Top of Records shown
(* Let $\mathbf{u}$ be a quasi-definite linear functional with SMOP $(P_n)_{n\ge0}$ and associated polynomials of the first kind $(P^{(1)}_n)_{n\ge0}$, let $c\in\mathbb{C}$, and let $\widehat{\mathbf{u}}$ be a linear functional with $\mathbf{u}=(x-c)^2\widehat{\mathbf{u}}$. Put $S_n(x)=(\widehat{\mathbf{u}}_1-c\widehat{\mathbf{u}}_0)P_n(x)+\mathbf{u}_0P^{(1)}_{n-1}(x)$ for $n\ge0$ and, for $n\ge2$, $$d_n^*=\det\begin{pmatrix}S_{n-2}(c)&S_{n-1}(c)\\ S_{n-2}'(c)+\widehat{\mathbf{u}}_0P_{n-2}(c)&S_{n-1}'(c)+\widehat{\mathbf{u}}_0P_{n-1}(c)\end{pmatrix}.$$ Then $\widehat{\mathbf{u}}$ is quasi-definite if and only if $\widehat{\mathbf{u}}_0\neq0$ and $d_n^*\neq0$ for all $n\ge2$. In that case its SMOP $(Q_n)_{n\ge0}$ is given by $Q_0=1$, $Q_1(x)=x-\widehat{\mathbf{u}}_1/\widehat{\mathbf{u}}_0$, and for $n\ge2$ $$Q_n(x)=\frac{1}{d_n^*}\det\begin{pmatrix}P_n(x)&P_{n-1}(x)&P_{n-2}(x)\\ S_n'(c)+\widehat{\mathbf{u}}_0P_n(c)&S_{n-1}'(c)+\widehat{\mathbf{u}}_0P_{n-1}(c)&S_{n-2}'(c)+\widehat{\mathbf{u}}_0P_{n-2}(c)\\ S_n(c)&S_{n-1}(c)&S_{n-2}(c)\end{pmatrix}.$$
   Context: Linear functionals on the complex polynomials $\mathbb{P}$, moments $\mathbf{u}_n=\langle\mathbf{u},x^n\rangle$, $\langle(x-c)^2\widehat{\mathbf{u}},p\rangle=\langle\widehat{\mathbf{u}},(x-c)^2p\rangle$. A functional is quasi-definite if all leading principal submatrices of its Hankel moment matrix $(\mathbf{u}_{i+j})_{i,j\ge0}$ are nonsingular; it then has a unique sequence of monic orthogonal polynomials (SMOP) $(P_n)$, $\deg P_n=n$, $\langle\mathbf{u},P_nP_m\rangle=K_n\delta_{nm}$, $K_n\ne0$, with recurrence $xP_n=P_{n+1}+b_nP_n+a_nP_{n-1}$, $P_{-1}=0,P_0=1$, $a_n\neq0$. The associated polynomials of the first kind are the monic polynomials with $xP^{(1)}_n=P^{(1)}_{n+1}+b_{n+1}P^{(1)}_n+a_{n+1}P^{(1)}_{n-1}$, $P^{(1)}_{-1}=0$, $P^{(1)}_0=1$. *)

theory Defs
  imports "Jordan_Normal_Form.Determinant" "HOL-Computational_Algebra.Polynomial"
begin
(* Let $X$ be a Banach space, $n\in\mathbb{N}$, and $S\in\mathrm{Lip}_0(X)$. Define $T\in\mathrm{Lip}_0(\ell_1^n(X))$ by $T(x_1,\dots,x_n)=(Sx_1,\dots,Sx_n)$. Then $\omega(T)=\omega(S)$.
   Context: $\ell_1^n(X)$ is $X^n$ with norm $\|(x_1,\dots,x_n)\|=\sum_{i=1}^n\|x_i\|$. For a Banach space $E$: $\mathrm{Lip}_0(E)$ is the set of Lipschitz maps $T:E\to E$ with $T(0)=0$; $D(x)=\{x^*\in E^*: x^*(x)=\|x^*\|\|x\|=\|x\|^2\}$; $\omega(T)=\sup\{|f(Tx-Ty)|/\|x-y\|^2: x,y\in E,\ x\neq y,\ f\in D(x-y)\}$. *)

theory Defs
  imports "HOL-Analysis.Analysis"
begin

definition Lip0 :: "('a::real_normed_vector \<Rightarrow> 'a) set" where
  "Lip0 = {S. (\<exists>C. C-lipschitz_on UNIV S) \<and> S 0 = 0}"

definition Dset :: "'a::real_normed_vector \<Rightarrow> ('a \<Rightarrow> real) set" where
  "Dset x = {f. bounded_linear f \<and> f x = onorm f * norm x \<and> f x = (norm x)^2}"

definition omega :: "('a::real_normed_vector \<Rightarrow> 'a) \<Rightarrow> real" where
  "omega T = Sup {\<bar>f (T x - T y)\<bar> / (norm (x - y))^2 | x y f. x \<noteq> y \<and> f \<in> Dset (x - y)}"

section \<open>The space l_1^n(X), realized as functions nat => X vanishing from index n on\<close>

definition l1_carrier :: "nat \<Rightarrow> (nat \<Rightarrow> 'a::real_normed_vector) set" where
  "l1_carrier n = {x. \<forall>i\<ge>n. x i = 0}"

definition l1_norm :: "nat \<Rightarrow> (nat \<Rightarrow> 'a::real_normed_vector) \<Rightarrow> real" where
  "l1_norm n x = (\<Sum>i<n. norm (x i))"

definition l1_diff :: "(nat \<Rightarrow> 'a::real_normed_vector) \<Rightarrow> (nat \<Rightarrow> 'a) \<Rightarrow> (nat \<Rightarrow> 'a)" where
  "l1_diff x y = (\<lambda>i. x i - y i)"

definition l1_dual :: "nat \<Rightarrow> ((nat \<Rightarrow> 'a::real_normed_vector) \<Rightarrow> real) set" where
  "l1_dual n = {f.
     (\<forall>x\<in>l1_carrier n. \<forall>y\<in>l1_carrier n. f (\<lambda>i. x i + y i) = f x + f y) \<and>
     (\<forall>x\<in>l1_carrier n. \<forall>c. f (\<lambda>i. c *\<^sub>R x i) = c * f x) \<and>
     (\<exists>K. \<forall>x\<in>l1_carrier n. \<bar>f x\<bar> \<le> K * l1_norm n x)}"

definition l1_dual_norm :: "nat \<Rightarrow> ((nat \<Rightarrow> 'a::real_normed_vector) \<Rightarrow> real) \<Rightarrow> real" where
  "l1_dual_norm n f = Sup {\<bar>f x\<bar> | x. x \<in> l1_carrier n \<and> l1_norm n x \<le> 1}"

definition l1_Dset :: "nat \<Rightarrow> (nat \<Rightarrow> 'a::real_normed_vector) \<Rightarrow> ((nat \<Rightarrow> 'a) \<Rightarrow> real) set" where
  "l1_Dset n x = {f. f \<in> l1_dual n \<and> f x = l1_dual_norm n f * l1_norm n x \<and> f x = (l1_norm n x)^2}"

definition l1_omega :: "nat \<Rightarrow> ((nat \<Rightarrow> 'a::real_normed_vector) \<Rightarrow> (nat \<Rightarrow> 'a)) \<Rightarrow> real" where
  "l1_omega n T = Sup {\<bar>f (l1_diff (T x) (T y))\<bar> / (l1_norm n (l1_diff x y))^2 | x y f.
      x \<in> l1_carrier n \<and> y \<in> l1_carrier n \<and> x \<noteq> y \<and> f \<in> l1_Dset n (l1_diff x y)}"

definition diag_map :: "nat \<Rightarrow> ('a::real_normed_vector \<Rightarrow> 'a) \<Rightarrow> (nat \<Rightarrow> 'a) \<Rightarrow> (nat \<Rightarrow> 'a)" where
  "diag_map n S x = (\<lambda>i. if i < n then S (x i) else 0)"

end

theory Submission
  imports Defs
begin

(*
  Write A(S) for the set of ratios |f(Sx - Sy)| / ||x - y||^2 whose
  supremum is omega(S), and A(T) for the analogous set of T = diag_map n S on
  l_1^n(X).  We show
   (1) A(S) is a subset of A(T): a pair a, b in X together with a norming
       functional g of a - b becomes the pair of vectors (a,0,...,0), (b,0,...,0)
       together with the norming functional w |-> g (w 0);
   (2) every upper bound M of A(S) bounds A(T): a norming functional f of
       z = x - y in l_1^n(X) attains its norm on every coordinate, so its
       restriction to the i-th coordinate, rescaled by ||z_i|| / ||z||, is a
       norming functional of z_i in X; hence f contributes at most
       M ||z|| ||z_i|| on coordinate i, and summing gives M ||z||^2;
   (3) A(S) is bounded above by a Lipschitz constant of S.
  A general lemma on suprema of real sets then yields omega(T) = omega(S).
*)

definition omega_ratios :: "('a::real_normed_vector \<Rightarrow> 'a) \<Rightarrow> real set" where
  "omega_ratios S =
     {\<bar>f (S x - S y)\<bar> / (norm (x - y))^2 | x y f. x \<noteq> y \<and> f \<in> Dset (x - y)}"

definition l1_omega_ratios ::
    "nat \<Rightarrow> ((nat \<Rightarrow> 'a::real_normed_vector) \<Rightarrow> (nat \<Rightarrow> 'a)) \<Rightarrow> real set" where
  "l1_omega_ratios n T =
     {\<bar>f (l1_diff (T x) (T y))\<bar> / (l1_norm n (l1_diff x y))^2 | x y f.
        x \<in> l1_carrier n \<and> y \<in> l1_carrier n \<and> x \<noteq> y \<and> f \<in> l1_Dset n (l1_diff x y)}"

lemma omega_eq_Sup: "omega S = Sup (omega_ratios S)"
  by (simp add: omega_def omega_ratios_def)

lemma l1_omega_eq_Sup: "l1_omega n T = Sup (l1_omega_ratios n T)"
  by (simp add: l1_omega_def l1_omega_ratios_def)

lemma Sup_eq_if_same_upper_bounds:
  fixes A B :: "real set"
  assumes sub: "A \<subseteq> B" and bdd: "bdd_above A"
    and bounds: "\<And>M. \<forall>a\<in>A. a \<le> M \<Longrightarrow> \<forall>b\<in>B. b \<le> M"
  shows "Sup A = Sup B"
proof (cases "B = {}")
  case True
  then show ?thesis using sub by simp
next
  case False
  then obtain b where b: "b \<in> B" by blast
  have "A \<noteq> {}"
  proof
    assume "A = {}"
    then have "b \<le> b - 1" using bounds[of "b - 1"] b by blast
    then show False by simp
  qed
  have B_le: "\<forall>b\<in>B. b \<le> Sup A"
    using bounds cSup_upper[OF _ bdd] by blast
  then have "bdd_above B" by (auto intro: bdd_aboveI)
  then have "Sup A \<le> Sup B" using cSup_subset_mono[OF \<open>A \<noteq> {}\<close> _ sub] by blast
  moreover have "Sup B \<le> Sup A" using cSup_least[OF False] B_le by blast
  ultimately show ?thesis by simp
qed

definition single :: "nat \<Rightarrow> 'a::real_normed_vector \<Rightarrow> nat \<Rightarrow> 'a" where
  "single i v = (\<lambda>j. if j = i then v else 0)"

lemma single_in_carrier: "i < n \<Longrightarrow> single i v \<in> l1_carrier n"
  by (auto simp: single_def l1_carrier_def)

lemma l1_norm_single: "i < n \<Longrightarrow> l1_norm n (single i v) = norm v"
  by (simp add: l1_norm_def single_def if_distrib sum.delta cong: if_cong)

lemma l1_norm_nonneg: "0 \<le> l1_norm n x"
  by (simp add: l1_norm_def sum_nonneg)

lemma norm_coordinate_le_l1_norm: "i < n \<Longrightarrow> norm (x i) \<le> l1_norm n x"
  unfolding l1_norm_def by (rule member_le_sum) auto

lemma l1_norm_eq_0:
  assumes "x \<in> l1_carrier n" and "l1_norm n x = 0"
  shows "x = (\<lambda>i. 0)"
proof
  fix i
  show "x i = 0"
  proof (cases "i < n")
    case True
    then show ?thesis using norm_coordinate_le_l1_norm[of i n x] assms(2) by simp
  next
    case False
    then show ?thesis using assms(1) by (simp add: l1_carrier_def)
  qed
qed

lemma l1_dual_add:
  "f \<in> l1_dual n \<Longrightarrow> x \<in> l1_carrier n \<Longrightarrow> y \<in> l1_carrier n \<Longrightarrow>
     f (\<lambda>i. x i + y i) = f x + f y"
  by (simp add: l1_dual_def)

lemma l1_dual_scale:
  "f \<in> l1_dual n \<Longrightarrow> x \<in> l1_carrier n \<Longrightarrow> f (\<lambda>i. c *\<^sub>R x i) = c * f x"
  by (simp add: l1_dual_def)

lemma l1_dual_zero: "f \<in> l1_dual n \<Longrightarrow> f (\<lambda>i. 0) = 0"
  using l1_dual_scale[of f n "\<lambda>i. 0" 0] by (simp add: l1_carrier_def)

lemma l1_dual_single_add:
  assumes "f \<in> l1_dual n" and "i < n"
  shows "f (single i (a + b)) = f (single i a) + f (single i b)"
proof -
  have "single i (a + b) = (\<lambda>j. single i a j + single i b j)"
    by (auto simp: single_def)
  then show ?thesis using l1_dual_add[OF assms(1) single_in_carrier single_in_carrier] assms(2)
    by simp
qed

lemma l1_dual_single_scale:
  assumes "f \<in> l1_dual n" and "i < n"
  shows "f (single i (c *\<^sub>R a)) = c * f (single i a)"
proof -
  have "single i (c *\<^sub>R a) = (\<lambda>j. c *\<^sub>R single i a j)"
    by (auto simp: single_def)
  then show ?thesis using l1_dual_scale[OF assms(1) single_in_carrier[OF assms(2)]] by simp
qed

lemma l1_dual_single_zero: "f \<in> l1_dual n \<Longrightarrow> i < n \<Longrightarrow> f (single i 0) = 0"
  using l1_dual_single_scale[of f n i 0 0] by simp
Bottom of Records shown
- [Assigned task]: Print, please, the lines above from the very first through the one that holds "(* Let $X$ be", both included, word for word and with nothing else.

- [Completed task]:
(* Let $\mathbf{u}$ be a quasi-definite linear functional with SMOP $(P_n)_{n\ge0}$ and associated polynomials of the first kind $(P^{(1)}_n)_{n\ge0}$, let $c\in\mathbb{C}$, and let $\widehat{\mathbf{u}}$ be a linear functional with $\mathbf{u}=(x-c)^2\widehat{\mathbf{u}}$. Put $S_n(x)=(\widehat{\mathbf{u}}_1-c\widehat{\mathbf{u}}_0)P_n(x)+\mathbf{u}_0P^{(1)}_{n-1}(x)$ for $n\ge0$ and, for $n\ge2$, $$d_n^*=\det\begin{pmatrix}S_{n-2}(c)&S_{n-1}(c)\\ S_{n-2}'(c)+\widehat{\mathbf{u}}_0P_{n-2}(c)&S_{n-1}'(c)+\widehat{\mathbf{u}}_0P_{n-1}(c)\end{pmatrix}.$$ Then $\widehat{\mathbf{u}}$ is quasi-definite if and only if $\widehat{\mathbf{u}}_0\neq0$ and $d_n^*\neq0$ for all $n\ge2$. In that case its SMOP $(Q_n)_{n\ge0}$ is given by $Q_0=1$, $Q_1(x)=x-\widehat{\mathbf{u}}_1/\widehat{\mathbf{u}}_0$, and for $n\ge2$ $$Q_n(x)=\frac{1}{d_n^*}\det\begin{pmatrix}P_n(x)&P_{n-1}(x)&P_{n-2}(x)\\ S_n'(c)+\widehat{\mathbf{u}}_0P_n(c)&S_{n-1}'(c)+\widehat{\mathbf{u}}_0P_{n-1}(c)&S_{n-2}'(c)+\widehat{\mathbf{u}}_0P_{n-2}(c)\\ S_n(c)&S_{n-1}(c)&S_{n-2}(c)\end{pmatrix}.$$
   Context: Linear functionals on the complex polynomials $\mathbb{P}$, moments $\mathbf{u}_n=\langle\mathbf{u},x^n\rangle$, $\langle(x-c)^2\widehat{\mathbf{u}},p\rangle=\langle\widehat{\mathbf{u}},(x-c)^2p\rangle$. A functional is quasi-definite if all leading principal submatrices of its Hankel moment matrix $(\mathbf{u}_{i+j})_{i,j\ge0}$ are nonsingular; it then has a unique sequence of monic orthogonal polynomials (SMOP) $(P_n)$, $\deg P_n=n$, $\langle\mathbf{u},P_nP_m\rangle=K_n\delta_{nm}$, $K_n\ne0$, with recurrence $xP_n=P_{n+1}+b_nP_n+a_nP_{n-1}$, $P_{-1}=0,P_0=1$, $a_n\neq0$. The associated polynomials of the first kind are the monic polynomials with $xP^{(1)}_n=P^{(1)}_{n+1}+b_{n+1}P^{(1)}_n+a_{n+1}P^{(1)}_{n-1}$, $P^{(1)}_{-1}=0$, $P^{(1)}_0=1$. *)

theory Defs
  imports "Jordan_Normal_Form.Determinant" "HOL-Computational_Algebra.Polynomial"
begin
(* Let $X$ be a Banach space, $n\in\mathbb{N}$, and $S\in\mathrm{Lip}_0(X)$. Define $T\in\mathrm{Lip}_0(\ell_1^n(X))$ by $T(x_1,\dots,x_n)=(Sx_1,\dots,Sx_n)$. Then $\omega(T)=\omega(S)$.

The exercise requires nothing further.